The snow began to disappear from the mountains, the fields to grow a little green. She had only a few more days at the deanery, and she and Signe went round and bade farewell to all and everything,--especially to the places they mutually held dear. Then they were informed by a peasant, that Odegaard was up at Oygarene, and would soon be coming down to them. The girls both grew very shy, and ceased to go out.

When Odegaard came, he was lighthearted and happy as never seen before. His errand in the district was to establish a free high school, and at first, till he got a teacher, he meant to conduct it himself; afterwards he would carry out other plans. In this way he would repay he said, some of the debt his father owed to the district,--and his father had promised to come to him as soon as the house was ready. It was to be near the deanery. The dean, as well as Signe, was exceedingly pleased at the prospect; Petra too, but she felt it a little strange, that he should settle down there just as she was leaving.

The dean wished that the day before Petra's departure they should partake of the Lord's supper together. So a quiet solemnity fell over the last days, and when they spoke it was in a half whisper. In these days the dean never passed by Petra without stroking her hair, and at the holy ceremony in church, at which with the exception of an officiating clergyman and the sexton, there were none present but themselves, he spoke particularly to her, and spoke as he would do at their own table on a birthday or holiday. It would now soon be shown, he said, whether the time that in prayer for Divine grace she this day brought to a close, had laid a good foundation. No man's life is really perfected before he reaches his right vocation. Our work is revealed to us, and he who comes with truth, and holds himself worthy, will reap the greatest and most lasting harvest. It is true the Lord often makes use of the unworthy also, even as in a higher sense we are all unworthy. He makes use of our longings. But there is a vocation that no man can discover from his longings alone, and that he supposed she was aiming at; every one must strive to reach the highest. He bade her come frequently to see them, for it is the intention of the church that companionship in faith should help and strengthen. If she had erred, she would here always meet with sympathy, and if she herself understood not that she had strayed, they would most affectionately tell her.

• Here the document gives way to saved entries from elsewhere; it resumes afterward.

lemma Inf_sum_div_allocation:
  fixes S :: "nat \<Rightarrow> real"
  assumes "N > 0" and S_pos: "\<forall>j<N. S j > 0" and "M > 0"
  shows "Inf {(\<Sum>j<N. S j / Mj j) | Mj. (\<forall>j<N. Mj j > 0) \<and> (\<Sum>j<N. Mj j) = M}
           = (\<Sum>j<N. sqrt (S j))\<^sup>2 / M"
proof (rule cInf_eq_minimum)
  define Q where "Q = (\<Sum>j<N. sqrt (S j))"
  have "Q > 0"
    unfolding Q_def using assms by (intro sum_pos) auto
  define Mopt where "Mopt j = M * sqrt (S j) / Q" for j
  have "(\<Sum>j<N. Mopt j) = M"
    using \<open>Q > 0\<close> by (simp add: Mopt_def Q_def flip: sum_divide_distrib sum_distrib_left)
  moreover have "\<forall>j<N. Mopt j > 0"
    using S_pos \<open>M > 0\<close> \<open>Q > 0\<close> by (simp add: Mopt_def)
  moreover have "(\<Sum>j<N. S j / Mopt j) = (\<Sum>j<N. sqrt (S j) * Q / M)"
  proof (rule sum.cong [OF refl])
    fix j assume "j \<in> {..<N}"
    then have "S j > 0"
      using S_pos by simp
    then show "S j / Mopt j = sqrt (S j) * Q / M"
      using \<open>M > 0\<close> \<open>Q > 0\<close> real_sqrt_mult_self [of "S j"]
      by (simp add: Mopt_def field_simps)
  qed
  moreover have "(\<Sum>j<N. sqrt (S j) * Q / M) = Q\<^sup>2 / M"
    by (simp add: Q_def power2_eq_square flip: sum_divide_distrib sum_distrib_right)
  ultimately have "Q\<^sup>2 / M
      \<in> {(\<Sum>j<N. S j / Mj j) | Mj. (\<forall>j<N. Mj j > 0) \<and> (\<Sum>j<N. Mj j) = M}"
    by (intro CollectI exI [of _ Mopt]) simp
  then show "(\<Sum>j<N. sqrt (S j))\<^sup>2 / M
      \<in> {(\<Sum>j<N. S j / Mj j) | Mj. (\<forall>j<N. Mj j > 0) \<and> (\<Sum>j<N. Mj j) = M}"
    unfolding Q_def .
next
  fix y
  assume "y \<in> {(\<Sum>j<N. S j / Mj j) | Mj. (\<forall>j<N. Mj j > 0) \<and> (\<Sum>j<N. Mj j) = M}"
  then obtain Mj where y: "y = (\<Sum>j<N. S j / Mj j)"
    and Mj_pos: "\<forall>j<N. Mj j > 0" and Mj_sum: "(\<Sum>j<N. Mj j) = M"
    by blast
  define t where "t = (\<Sum>j<N. sqrt (S j)) / M"
  \<comment> \<open>Summing the tangent bound at the optimal slope t gives the matching lower bound.\<close>
  have "(\<Sum>j<N. 2 * t * sqrt (S j) - t\<^sup>2 * Mj j) \<le> y"
    unfolding y using S_pos Mj_pos by (intro sum_mono tangent_bound_div) auto
  moreover have "(\<Sum>j<N. 2 * t * sqrt (S j) - t\<^sup>2 * Mj j)
      = 2 * t * (\<Sum>j<N. sqrt (S j)) - t\<^sup>2 * M"
    by (simp add: sum_subtractf Mj_sum flip: sum_distrib_left)
  moreover have "\<dots> = (\<Sum>j<N. sqrt (S j))\<^sup>2 / M"
    using \<open>M > 0\<close> by (simp add: t_def field_simps power2_eq_square)
  ultimately show "(\<Sum>j<N. sqrt (S j))\<^sup>2 / M \<le> y"
    by simp
qed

The next day at the parting meal, he bade her the most tender farewell, "He was of her friend's opinion," he said, "that she ought to begin her career ALONE. In the struggle she would meet, she would find that it was good to know, that in one place there lived a few on whom she could rely; only to know with certainty that they were constantly PRAYING for her,--she would see that it would help!"--After the adieu to Petra, he turned with a welcome to Odegaard. "To be united in love to one and the same is the most beautiful introduction to love one another." The dean certainly never thought in this greeting, of that which first made Signe red, then Petra; and if Odegaard; they did not know, for neither of them ventured to look at him.

But when the horses were at the door, and the three friends stood around the young girl, and all the servants round the carriage, Petra whispered, as for the last time she embraced Signe: "I know I shall soon hear important news from you; may God bless it!"

An hour after she saw only the white pinnacles that showed where the place lay.